Posted by Richard Hentschel -

Very soon now gardeners will be wondering what to do with all the plant parts that need to be pruned off, bagged and disposed. A great alternative to seeing those landscape waste bags driving off every week is to recycle right in your own yard and benefit from getting all that free organic matter.

Composting is not something that takes a lot of time when you consider all the time getting that used to fill the landscape waste bags. Just like any good recipe, the ingredients for composting are few, browns, greens, a sprinkle of garden soil and water till moist, briskly stir, wait till done.

There's always spot in the yard to set up a compost bin or pile. Consider that dark corner that doesn't grow things so well or that spot behind the garage or garden shed. The simplest method is to create a compost pile. It will need to big enough to retain moisture and maintain a constant temperature. The base of the compost pile should be at least four feet square which will allow the pile to grow to about 3 feet in height. If you have the room a bigger base will mean a more even temperature over a larger area which will speed up decomposition even more. There are many variations on the traditional compost pile. You can build a more substantial structure using pallets, cinder blocks, lumber, whatever is low cost, visually acceptable or the purchase of composting bins which are now most often made from plastic that has been treated to resist UV decay.
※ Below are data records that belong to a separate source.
lemma markov_operator_kop:
  assumes K: "markov_kernel M K"
  shows "markov_operator M (kop K)"
  unfolding markov_operator_def kop_def
proof (intro conjI allI impI)
  fix f assume f: "bounded_measurable M f"
  have "K \<in> M \<rightarrow>\<^sub>M subprob_algebra M"
    using K unfolding markov_kernel_def by (rule measurable_prob_algebraD)
  then have "(\<lambda>x. integral\<^sup>L (K x) f) \<in> borel_measurable M"
    using integral_measurable_subprob_algebra[OF bounded_measurable_imp_measurable[OF f]]
    by (simp add: measurable_compose[where f = K, simplified comp_def])
  moreover obtain B where B: "\<forall>z\<in>space M. \<bar>f z\<bar> \<le> B"
    using f unfolding bounded_measurable_def by blast
  moreover have "\<bar>integral\<^sup>L (K x) f\<bar> \<le> B" if x: "x \<in> space M" for x
  proof -
    interpret prob_space "K x" using markov_kernel_space[OF K x] by simp
    have "\<bar>integral\<^sup>L (K x) f\<bar> \<le> integral\<^sup>L (K x) (\<lambda>z. \<bar>f z\<bar>)"
      by (rule integral_abs_bound)
    also have "\<dots> \<le> integral\<^sup>L (K x) (\<lambda>z. B)"
      using B markov_kernel_space[OF K x] markov_kernel_integrable[OF K x f]
      by (intro integral_mono) auto
    finally show ?thesis using prob_space by simp
  qed
  ultimately show "bounded_measurable M (\<lambda>x. integral\<^sup>L (K x) f)"
    unfolding bounded_measurable_def by blast
next
  fix f g x assume "bounded_measurable M f" "bounded_measurable M g" "x \<in> space M"
  then show "(\<integral>y. f y + g y \<partial>K x) = integral\<^sup>L (K x) f + integral\<^sup>L (K x) g"
    using markov_kernel_integrable[OF K] by simp
next
  fix f c x assume "bounded_measurable M f" "x \<in> space M"
  show "(\<integral>y. c * f y \<partial>K x) = c * integral\<^sup>L (K x) f" by simp
next
  fix c :: real and x assume x: "x \<in> space M"
  interpret prob_space "K x" using markov_kernel_space[OF K x] by simp
  show "(\<integral>y. c \<partial>K x) = c" using prob_space by simp
next
  fix f g x assume "bounded_measurable M f" "bounded_measurable M g" "\<forall>z\<in>space M. f z \<le> g z" "x \<in> space M"
  then show "integral\<^sup>L (K x) f \<le> integral\<^sup>L (K x) g"
    using markov_kernel_integrable[OF K] markov_kernel_space[OF K]
    by (intro integral_mono) auto
qed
The greens can be grass clippings as long as herbicides have not been used in several weeks, tops of annuals and perennials, shredded or clipped green plant stems and trimmed tree and shrub branches that are not too woody. The greens provide the nitrogen which will be used later. Browns include fall leaves that you have raked up or bagged with the mower, dried leaves from your perennials like day lily foliage for example. You may have some trimmings that have been sitting around that are now browned and they can be used too. The browns contribute the carbon in the composting process.

Other ingredients to "flavor" your compost can be fresh vegetable waste from the kitchen, coffee grounds and for a bit of color try rinsed and crumbled egg shells.

If you are building the compost pile or filling a bin for the first time, mix the greens, the browns and other materials as you go. This is where you add garden soil. The soil contains all those bacteria and other microorganisms that will be doing the breakdown of the plant parts into what we call organic matter. The organisms use that nitrogen to grow with increasing their numbers and feeding on all the organic matter turning it into composts as we know it. Like any other living organism, these bacteria need a constant supply of moisture and that is why we water the compost pile.

It is that constant temperature and supply of moisture that will quickly turn our yard waste into composts that we can then return to the garden beds. In the vegetable garden, just turn it in you prepare the garden soil. In more permanent beds use it as a mulch layer and it will disappear into the soil or time or you can work it in as you cultivate the beds.